[Changing the subject - btw, is there a list of the recommended subject
prefixes somewhere? For those of us who post rather infrequently to this
list it would be handy]
On 1970-01-01 03:50:53 -0500, Jim Witte wrote:
I have in the past gotten an awful lot of "Mail undeliverable"
message from the daemon, with attached virus code in raw hex. I have
been told that some of the worms will send out email that looks like
such a mail daemon error. This could be, but I got the impression here
that some worm had sent out copies of itself to a bunch of addresses,
with my address in a spoofed From: header, and that for those addresses
that had been cancelled, or did not exist (I've noticed that many
worms/spammers appear to send junk to several "variants" of a
particular address).

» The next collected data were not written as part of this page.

definition rate :: real where
  "rate = \<alpha> / (\<alpha> + \<delta>)"

(* The paper's weight alpha^2 p / (2 (L + (1 - p) (alpha + delta))), rewritten with the defining
   equation of alpha; see two_L_lyap_coeff. *)
definition lyap_coeff :: real where
  "lyap_coeff = p * (\<alpha> + \<delta>)\<^sup>2 / (2 * S)"

definition lyapunov :: "'a \<Rightarrow> 'a \<times> 'a \<Rightarrow> real" where
  "lyapunov xs s = bregman F gradF xs (snd s) + lyap_coeff * (norm (fst s - xs))\<^sup>2"

lemma rate_eq: "rate = 1 / (1 + \<delta> / \<alpha>)"
  using alpha_pos delta_pos by (simp add: rate_def field_simps)

lemma rate_nonneg: "0 \<le> rate"
  using alpha_pos delta_pos by (simp add: rate_def)

lemma rate_sq: "rate\<^sup>2 = 1 - p * (\<alpha> + \<delta>) / S"
  using alpha_root alpha_pos delta_pos unfolding S_def by (simp add: rate_eq power_divide field_simps)

lemma lyap_coeff_nonneg: "lyap_coeff \<ge> 0"
  using S_pos by (simp add: lyap_coeff_def)

lemma two_L_lyap_coeff: "2 * L * lyap_coeff = L * \<alpha>\<^sup>2 * p / (L + (1 - p) * (\<alpha> + \<delta>))"
proof -
  have "S * rate\<^sup>2 = S - p * (\<alpha> + \<delta>)"
    using S_pos by (simp add: rate_sq right_diff_distrib)
  then have "L + (1 - p) * (\<alpha> + \<delta>) = S * rate\<^sup>2"
    by (simp add: S_def algebra_simps)
  also have "\<dots> = S * \<alpha>\<^sup>2 / (\<alpha> + \<delta>)\<^sup>2"
    by (simp add: rate_def power_divide)
  finally have denominator: "L + (1 - p) * (\<alpha> + \<delta>) = S * \<alpha>\<^sup>2 / (\<alpha> + \<delta>)\<^sup>2" .
  have scaling: "2 * L * (q * t\<^sup>2 / (2 * s)) = L * \<alpha>\<^sup>2 * q / (s * \<alpha>\<^sup>2 / t\<^sup>2)" if "s > 0" "t > 0"
    for q s t :: real
    using that alpha_pos by (simp add: field_simps)
  show ?thesis
    unfolding denominator lyap_coeff_def by (rule scaling) (use S_pos alpha_pos delta_pos in auto)
qed

lemma prox_point_exists:
  obtains xs where "gradF xs = \<delta> *\<^sub>R (x0 - xs)"
    and "\<And>x. F xs + \<delta> / 2 * (norm (xs - x0))\<^sup>2 \<le> F x + \<delta> / 2 * (norm (x - x0))\<^sup>2"
proof -
  obtain xm where "\<And>x. F xm \<le> F x"
    using minimizer_exists by blast
  moreover have "continuous_on UNIV F"
    using F_gderiv unfolding gderiv_def
    by (meson has_derivative_continuous continuous_at_imp_continuous_on)
  ultimately obtain xs
    where "\<And>x. F xs + \<delta> / 2 * (norm (xs - x0))\<^sup>2 \<le> F x + \<delta> / 2 * (norm (x - x0))\<^sup>2"
    using regularized_minimizer_exists delta_pos by blast
  with that gradient_at_regularized_minimizer[OF F_gderiv] show thesis
    by blast
qed
lemma admissible_glue:
  assumes A1: "admissible M X0 X L t x y \<gamma>1 u1" and A2: "admissible M X0 X L s y z \<gamma>2 u2"
    and t: "0 \<le> t" and s: "0 \<le> s"
  shows "admissible M X0 X L (t+s) x z (glue t \<gamma>1 \<gamma>2) (glue t u1 u2)"
    and "integral {0..t+s} (\<lambda>r. L (glue t \<gamma>1 \<gamma>2 r, glue t u1 u2 r))
         = integral {0..t} (\<lambda>r. L (\<gamma>1 r, u1 r)) + integral {0..s} (\<lambda>r. L (\<gamma>2 r, u2 r))"
proof -
  define F1 where "F1 = velocity X0 X \<gamma>1 u1"
  define F2 where "F2 = velocity X0 X \<gamma>2 u2"
  have cost_glue: "(\<lambda>r. L (glue t \<gamma>1 \<gamma>2 r, glue t u1 u2 r))
      = glue t (\<lambda>r. L (\<gamma>1 r, u1 r)) (\<lambda>r. L (\<gamma>2 r, u2 r))"
    by (rule ext) (simp add: glue_def)
  have u1I: "u1 absolutely_integrable_on {0..t}"
    and F1I: "F1 absolutely_integrable_on {0..t}"
    and L1I: "(\<lambda>r. L (\<gamma>1 r, u1 r)) absolutely_integrable_on {0..t}"
    and inM1: "\<forall>r\<in>{0..t}. \<gamma>1 r \<in> M" and start1: "\<gamma>1 0 = x" and stop1: "\<gamma>1 t = y"
    and eq1: "\<forall>r\<in>{0..t}. \<gamma>1 r = x + integral {0..r} F1"
    using A1 unfolding admissible_iff F1_def by blast+
  have u2I: "u2 absolutely_integrable_on {0..s}"
    and F2I: "F2 absolutely_integrable_on {0..s}"
    and L2I: "(\<lambda>r. L (\<gamma>2 r, u2 r)) absolutely_integrable_on {0..s}"
    and inM2: "\<forall>r\<in>{0..s}. \<gamma>2 r \<in> M" and start2: "\<gamma>2 0 = y" and stop2: "\<gamma>2 s = z"
    and eq2: "\<forall>r\<in>{0..s}. \<gamma>2 r = y + integral {0..r} F2"
    using A2 unfolding admissible_iff F2_def by blast+
  have inM: "\<forall>r\<in>{0..t+s}. glue t \<gamma>1 \<gamma>2 r \<in> M"
    using inM1 inM2 by (auto simp: glue_def)
  have endpoints: "glue t \<gamma>1 \<gamma>2 0 = x" "glue t \<gamma>1 \<gamma>2 (t+s) = z"
    using start1 stop1 start2 stop2 t s by (auto simp: glue_def)
  have eq: "\<forall>r\<in>{0..t+s}. glue t \<gamma>1 \<gamma>2 r = x + integral {0..r} (glue t F1 F2)"
    using glue_integral_equation[OF F1I F2I t eq1] eq2 stop1 by blast
  show "admissible M X0 X L (t+s) x z (glue t \<gamma>1 \<gamma>2) (glue t u1 u2)"
    unfolding admissible_iff velocity_glue F1_def[symmetric] F2_def[symmetric] cost_glue
    using glue_integral(1)[OF u1I u2I t s] glue_integral(1)[OF F1I F2I t s]
      glue_integral(1)[OF L1I L2I t s] inM endpoints eq by blast
  show "integral {0..t+s} (\<lambda>r. L (glue t \<gamma>1 \<gamma>2 r, glue t u1 u2 r))
         = integral {0..t} (\<lambda>r. L (\<gamma>1 r, u1 r)) + integral {0..s} (\<lambda>r. L (\<gamma>2 r, u2 r))"
    unfolding cost_glue by (rule glue_integral(2)[OF L1I L2I t s])
qed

Then the mail (ALL of it, including the attached
worm code in raw hex) is bounced back to me (the spoofed sender).
Ignoring the question what "raw hex" might be and the fact that there
are worms which disguise themselves as DSNs, yes, real bounced viruses
and spam are annoying enough.
Does anyone else think this makes sense and that the RFC for mailer
daemons should therefore be changed (or a new RFC proposed, or however
the process goes, I'm new to this, as you can tell..)
There is no need to change an RFC, since, AFAICS, no RFC says that the
complete message must be included in the bounce message:
RFC 2821:
If an SMTP server has accepted the task of relaying the mail and
later finds that the destination is incorrect or that the mail cannot
be delivered for some other reason, then it MUST construct an
"undeliverable mail" notification message and send it to the
originator of the undeliverable mail (as indicated by the reverse-
path). Formats specified for non-delivery reports by other standards
(see, for example, [24, 25]) SHOULD be used if possible.
RFC 3464:
(d) If the original message or a portion of the message is to be
returned to the sender, it appears as the third component of the
multipart/report.
So RFC 2821 only mandates that some non-delivery notification must be
sent, but does not the information included in or the format. Even the
totally useless bounce I got recently "The message sent from <undisclosed>
to <undisclosed> could not be delivered" is conforming to RFC 2821. It
does however strongly recommend the format in RFC 3464
(multipart/report), which includes *the original message or a portion* of
it as an *optional* part.
So an MTA conforming to both RFCs could (and probably should) only
return a part (maybe the first text/plain part) of the original message.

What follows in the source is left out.